(Saved entries)
%%
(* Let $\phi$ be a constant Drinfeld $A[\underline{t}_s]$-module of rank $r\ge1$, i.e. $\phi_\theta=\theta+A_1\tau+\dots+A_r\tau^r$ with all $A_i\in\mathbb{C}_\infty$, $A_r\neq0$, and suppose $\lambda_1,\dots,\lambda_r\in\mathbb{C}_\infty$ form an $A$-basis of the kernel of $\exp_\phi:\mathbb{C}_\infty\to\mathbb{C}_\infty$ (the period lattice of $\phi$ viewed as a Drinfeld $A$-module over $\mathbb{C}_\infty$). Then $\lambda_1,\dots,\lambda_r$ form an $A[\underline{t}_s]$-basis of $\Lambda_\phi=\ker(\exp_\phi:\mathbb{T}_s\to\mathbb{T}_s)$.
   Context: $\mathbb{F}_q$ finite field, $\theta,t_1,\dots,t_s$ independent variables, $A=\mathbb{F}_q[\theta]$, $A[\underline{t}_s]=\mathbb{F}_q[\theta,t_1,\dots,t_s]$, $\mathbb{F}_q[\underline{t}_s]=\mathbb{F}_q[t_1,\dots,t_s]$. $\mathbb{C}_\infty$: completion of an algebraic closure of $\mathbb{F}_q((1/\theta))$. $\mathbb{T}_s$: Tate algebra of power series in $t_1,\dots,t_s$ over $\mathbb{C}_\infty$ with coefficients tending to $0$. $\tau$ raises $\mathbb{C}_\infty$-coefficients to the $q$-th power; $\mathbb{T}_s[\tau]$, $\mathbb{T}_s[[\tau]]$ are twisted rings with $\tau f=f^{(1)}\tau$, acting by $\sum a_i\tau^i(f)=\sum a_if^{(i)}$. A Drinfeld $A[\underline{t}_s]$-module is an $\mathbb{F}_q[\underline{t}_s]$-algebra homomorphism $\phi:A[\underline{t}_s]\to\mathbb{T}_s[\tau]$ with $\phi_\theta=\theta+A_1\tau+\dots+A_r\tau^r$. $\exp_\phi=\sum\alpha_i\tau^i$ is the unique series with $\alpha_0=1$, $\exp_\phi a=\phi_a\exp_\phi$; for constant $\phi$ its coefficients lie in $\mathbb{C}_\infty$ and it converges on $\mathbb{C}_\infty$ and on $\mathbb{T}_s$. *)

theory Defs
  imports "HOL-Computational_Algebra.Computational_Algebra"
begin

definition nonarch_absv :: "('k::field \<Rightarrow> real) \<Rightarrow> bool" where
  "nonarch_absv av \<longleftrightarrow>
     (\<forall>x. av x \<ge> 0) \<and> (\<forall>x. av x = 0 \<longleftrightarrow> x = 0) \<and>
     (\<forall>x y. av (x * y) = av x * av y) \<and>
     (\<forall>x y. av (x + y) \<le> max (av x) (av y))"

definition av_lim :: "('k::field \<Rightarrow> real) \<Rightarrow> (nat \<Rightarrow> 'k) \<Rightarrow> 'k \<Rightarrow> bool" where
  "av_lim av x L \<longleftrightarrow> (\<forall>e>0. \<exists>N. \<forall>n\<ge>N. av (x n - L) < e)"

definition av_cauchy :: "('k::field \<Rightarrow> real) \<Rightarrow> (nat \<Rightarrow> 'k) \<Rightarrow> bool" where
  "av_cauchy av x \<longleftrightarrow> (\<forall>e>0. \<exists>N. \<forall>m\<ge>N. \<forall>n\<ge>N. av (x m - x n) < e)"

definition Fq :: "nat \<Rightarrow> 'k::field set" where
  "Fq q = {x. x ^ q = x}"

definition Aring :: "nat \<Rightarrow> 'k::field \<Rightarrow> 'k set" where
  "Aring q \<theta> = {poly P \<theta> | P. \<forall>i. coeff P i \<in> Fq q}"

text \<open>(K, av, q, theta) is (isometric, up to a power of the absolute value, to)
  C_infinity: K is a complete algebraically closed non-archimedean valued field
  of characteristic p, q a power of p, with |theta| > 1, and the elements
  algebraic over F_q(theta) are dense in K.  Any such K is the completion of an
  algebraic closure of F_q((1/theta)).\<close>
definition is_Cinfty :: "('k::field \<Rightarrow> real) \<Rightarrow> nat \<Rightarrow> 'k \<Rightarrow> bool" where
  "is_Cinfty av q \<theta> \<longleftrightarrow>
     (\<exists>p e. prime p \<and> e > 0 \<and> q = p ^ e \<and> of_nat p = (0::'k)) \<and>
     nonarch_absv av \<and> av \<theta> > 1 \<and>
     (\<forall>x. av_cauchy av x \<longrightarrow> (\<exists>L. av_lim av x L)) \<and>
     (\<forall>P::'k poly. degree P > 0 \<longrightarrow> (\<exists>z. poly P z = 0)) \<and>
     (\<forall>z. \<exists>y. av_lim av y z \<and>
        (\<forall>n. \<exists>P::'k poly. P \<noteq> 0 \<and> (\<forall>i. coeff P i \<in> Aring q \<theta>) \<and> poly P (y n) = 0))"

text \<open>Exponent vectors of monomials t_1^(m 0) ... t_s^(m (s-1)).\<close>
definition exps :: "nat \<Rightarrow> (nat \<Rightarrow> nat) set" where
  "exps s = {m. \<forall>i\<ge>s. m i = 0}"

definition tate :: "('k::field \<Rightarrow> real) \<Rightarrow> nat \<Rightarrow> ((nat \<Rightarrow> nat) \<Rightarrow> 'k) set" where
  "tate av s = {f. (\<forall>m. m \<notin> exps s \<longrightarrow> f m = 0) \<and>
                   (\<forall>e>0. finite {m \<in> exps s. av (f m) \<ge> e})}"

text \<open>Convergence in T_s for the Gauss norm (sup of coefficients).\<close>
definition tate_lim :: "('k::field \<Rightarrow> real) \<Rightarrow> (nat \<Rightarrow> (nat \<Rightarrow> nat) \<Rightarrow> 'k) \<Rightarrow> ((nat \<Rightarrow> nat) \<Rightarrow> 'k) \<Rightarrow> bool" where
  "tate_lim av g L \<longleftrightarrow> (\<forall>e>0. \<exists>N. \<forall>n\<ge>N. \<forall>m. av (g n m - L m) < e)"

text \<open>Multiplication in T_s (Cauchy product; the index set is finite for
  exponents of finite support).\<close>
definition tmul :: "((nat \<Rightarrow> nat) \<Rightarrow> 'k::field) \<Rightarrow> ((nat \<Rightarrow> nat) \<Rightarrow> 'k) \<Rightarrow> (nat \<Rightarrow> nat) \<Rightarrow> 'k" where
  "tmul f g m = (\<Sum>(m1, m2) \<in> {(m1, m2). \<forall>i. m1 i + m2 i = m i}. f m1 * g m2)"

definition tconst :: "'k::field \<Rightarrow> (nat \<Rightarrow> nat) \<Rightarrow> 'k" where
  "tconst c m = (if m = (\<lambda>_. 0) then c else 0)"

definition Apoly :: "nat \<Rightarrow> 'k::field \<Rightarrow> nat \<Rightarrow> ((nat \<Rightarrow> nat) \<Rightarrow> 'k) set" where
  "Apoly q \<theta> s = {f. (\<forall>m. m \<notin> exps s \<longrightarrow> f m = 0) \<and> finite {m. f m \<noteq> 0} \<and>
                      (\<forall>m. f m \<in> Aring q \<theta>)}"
%%
- _The problem_
This task calls for the number of lines in the entries that contain the string "tmul", with no accompanying text.

- _Answer section_
2